**Aim of the task:**
Beneath this instruction is a block of data; output from it exactly the lines that run from the one containing "using distinct_p pp by simp" through the one containing "q1 \<union> path_edges", inclusive.

**The data:**
········

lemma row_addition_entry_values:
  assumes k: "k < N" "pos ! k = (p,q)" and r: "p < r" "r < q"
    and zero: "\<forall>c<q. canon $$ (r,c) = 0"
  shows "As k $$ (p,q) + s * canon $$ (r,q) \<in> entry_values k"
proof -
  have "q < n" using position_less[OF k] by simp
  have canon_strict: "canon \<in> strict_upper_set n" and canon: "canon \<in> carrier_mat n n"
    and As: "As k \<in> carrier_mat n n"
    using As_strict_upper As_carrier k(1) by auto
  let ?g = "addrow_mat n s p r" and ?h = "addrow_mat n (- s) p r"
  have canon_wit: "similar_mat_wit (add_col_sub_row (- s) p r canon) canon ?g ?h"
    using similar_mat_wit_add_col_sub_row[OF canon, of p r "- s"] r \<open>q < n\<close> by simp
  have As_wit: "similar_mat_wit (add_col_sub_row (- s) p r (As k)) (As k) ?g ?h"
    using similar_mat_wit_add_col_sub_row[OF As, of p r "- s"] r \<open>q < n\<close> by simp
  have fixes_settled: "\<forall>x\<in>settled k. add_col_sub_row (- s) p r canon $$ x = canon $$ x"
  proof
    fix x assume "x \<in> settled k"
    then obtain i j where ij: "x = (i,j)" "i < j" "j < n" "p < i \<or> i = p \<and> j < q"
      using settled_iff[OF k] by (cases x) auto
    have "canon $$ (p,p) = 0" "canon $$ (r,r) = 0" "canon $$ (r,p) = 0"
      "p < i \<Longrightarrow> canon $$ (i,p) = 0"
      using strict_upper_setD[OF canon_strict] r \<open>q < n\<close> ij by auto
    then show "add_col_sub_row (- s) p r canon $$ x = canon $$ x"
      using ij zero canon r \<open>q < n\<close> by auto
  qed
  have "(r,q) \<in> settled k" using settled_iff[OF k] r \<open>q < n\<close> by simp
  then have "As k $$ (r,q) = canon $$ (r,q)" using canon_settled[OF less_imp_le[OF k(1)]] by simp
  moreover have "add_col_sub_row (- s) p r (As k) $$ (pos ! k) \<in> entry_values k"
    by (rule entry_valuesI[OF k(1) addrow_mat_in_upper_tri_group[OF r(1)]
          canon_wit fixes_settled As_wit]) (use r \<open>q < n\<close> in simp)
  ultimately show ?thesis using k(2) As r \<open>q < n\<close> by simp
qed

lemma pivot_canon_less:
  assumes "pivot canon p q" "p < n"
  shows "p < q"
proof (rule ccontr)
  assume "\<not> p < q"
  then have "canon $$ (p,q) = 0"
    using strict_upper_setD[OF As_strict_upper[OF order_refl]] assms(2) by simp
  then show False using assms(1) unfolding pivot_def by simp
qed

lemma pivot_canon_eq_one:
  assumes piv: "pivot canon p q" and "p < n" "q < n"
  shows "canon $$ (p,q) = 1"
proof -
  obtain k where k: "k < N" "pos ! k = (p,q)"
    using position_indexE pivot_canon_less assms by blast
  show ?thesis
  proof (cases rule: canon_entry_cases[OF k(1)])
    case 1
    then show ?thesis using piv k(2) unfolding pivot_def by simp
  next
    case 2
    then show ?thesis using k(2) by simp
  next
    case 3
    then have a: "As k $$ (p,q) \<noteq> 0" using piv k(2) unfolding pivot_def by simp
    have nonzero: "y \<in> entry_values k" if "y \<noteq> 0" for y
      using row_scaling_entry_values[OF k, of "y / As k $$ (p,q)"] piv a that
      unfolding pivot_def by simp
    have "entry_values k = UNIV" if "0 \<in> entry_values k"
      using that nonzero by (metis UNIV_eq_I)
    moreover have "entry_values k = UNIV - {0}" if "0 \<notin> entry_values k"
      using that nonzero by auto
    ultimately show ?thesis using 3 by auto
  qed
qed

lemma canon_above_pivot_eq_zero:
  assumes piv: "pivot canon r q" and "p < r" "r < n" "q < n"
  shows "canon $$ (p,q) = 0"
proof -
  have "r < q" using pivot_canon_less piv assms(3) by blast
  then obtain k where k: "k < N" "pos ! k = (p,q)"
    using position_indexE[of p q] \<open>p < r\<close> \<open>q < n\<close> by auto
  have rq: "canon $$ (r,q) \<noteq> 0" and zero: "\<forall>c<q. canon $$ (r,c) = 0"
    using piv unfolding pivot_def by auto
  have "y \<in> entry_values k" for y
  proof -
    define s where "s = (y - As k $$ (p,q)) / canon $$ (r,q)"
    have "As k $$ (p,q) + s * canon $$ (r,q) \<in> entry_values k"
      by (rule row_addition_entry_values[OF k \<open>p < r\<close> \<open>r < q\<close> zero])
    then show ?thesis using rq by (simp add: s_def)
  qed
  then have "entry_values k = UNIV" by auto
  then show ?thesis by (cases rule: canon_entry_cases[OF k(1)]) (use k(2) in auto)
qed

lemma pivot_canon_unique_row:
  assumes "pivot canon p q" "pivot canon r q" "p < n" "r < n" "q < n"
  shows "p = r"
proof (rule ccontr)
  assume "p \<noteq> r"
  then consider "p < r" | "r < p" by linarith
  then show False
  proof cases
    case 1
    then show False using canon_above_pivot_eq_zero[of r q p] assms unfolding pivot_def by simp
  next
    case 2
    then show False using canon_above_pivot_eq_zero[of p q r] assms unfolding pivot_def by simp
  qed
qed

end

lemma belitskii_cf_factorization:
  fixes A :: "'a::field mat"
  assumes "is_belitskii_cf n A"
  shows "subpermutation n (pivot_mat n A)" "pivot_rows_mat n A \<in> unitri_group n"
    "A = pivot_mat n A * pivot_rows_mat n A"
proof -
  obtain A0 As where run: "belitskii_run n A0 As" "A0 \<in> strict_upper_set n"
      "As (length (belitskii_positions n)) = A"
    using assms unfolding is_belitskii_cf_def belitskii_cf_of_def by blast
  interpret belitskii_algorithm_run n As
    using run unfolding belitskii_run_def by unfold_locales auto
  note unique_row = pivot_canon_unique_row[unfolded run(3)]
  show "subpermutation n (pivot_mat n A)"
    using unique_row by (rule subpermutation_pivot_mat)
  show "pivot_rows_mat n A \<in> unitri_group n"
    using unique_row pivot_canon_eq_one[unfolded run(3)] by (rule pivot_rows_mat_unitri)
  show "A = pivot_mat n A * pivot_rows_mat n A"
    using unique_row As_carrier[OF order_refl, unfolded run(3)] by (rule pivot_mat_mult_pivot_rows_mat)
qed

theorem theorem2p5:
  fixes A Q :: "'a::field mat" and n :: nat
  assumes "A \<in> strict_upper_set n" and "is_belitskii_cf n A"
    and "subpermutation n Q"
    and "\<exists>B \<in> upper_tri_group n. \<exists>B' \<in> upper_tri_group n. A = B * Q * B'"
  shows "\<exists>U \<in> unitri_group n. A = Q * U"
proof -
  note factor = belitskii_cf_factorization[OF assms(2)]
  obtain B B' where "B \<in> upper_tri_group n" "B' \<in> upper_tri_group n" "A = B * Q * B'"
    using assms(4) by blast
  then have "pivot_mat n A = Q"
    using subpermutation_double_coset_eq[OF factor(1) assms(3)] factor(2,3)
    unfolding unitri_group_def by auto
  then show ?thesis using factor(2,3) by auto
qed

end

········

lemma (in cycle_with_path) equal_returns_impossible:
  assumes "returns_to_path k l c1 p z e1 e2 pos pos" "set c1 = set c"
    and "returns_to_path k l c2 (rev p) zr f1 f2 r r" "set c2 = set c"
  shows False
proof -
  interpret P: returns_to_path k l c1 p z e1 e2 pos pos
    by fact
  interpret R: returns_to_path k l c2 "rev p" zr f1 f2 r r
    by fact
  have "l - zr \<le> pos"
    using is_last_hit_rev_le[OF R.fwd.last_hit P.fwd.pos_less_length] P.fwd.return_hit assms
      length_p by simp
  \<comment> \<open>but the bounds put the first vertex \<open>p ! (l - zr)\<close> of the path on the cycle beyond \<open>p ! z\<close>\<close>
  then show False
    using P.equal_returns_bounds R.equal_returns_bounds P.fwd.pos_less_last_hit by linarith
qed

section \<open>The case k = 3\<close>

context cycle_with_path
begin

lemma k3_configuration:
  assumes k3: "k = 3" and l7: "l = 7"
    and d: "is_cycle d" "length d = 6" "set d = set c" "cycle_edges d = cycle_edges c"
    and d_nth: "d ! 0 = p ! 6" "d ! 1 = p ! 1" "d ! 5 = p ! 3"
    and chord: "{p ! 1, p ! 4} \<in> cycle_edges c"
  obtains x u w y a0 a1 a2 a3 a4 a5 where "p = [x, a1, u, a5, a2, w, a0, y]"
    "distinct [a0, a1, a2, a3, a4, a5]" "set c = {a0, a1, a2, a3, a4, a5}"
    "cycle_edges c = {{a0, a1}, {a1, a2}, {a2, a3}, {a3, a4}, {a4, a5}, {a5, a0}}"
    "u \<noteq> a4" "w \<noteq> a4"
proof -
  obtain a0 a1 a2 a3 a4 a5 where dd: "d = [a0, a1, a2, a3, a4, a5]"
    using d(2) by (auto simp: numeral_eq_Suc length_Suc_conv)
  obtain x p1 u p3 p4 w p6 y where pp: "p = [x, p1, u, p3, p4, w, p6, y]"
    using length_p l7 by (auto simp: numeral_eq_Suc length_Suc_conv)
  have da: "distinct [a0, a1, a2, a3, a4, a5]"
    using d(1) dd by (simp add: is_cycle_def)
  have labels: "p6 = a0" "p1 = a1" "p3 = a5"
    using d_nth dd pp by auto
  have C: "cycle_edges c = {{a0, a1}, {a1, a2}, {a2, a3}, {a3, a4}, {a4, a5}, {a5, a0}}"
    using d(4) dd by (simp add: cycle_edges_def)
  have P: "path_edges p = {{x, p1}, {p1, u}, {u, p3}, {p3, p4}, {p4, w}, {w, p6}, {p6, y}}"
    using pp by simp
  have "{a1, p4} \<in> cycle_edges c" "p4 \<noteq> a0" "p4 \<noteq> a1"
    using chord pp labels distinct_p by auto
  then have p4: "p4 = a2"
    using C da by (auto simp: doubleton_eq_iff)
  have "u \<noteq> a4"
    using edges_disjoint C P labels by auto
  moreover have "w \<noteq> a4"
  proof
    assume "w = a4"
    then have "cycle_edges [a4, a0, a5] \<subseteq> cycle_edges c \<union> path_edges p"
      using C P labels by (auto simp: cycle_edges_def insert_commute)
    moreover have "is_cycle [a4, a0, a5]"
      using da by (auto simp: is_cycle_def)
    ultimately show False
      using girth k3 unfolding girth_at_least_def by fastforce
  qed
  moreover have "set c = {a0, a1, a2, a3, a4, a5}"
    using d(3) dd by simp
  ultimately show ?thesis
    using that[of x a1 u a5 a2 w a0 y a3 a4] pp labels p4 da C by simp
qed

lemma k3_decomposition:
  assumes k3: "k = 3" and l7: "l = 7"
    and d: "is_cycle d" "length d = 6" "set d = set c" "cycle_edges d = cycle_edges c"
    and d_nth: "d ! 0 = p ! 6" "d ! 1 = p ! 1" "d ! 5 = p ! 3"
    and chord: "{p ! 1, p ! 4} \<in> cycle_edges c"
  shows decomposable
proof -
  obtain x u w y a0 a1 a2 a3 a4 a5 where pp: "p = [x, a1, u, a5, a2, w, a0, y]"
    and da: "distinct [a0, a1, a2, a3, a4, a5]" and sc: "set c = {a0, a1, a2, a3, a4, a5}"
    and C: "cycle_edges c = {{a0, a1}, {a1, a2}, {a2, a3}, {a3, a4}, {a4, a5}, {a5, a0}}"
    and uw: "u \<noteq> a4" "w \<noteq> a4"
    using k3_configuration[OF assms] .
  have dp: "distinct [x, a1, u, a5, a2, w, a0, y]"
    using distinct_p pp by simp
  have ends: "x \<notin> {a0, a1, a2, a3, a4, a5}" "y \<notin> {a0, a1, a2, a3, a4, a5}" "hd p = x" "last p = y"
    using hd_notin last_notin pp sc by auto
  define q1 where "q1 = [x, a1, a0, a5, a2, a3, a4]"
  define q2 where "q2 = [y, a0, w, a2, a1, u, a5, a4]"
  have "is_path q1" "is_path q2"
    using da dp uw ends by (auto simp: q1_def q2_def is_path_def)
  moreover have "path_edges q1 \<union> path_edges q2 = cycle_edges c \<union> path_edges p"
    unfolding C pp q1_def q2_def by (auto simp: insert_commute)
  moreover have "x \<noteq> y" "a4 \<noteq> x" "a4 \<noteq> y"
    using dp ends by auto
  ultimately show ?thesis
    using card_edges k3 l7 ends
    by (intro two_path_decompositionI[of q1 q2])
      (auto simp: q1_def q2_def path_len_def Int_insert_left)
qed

········

**Answer to the problem:**
    using distinct_p pp by simp
  have ends: "x \<notin> {a0, a1, a2, a3, a4, a5}" "y \<notin> {a0, a1, a2, a3, a4, a5}" "hd p = x" "last p = y"
    using hd_notin last_notin pp sc by auto
  define q1 where "q1 = [x, a1, a0, a5, a2, a3, a4]"
  define q2 where "q2 = [y, a0, w, a2, a1, u, a5, a4]"
  have "is_path q1" "is_path q2"
    using da dp uw ends by (auto simp: q1_def q2_def is_path_def)
  moreover have "path_edges q1 \<union> path_edges q2 = cycle_edges c \<union> path_edges p"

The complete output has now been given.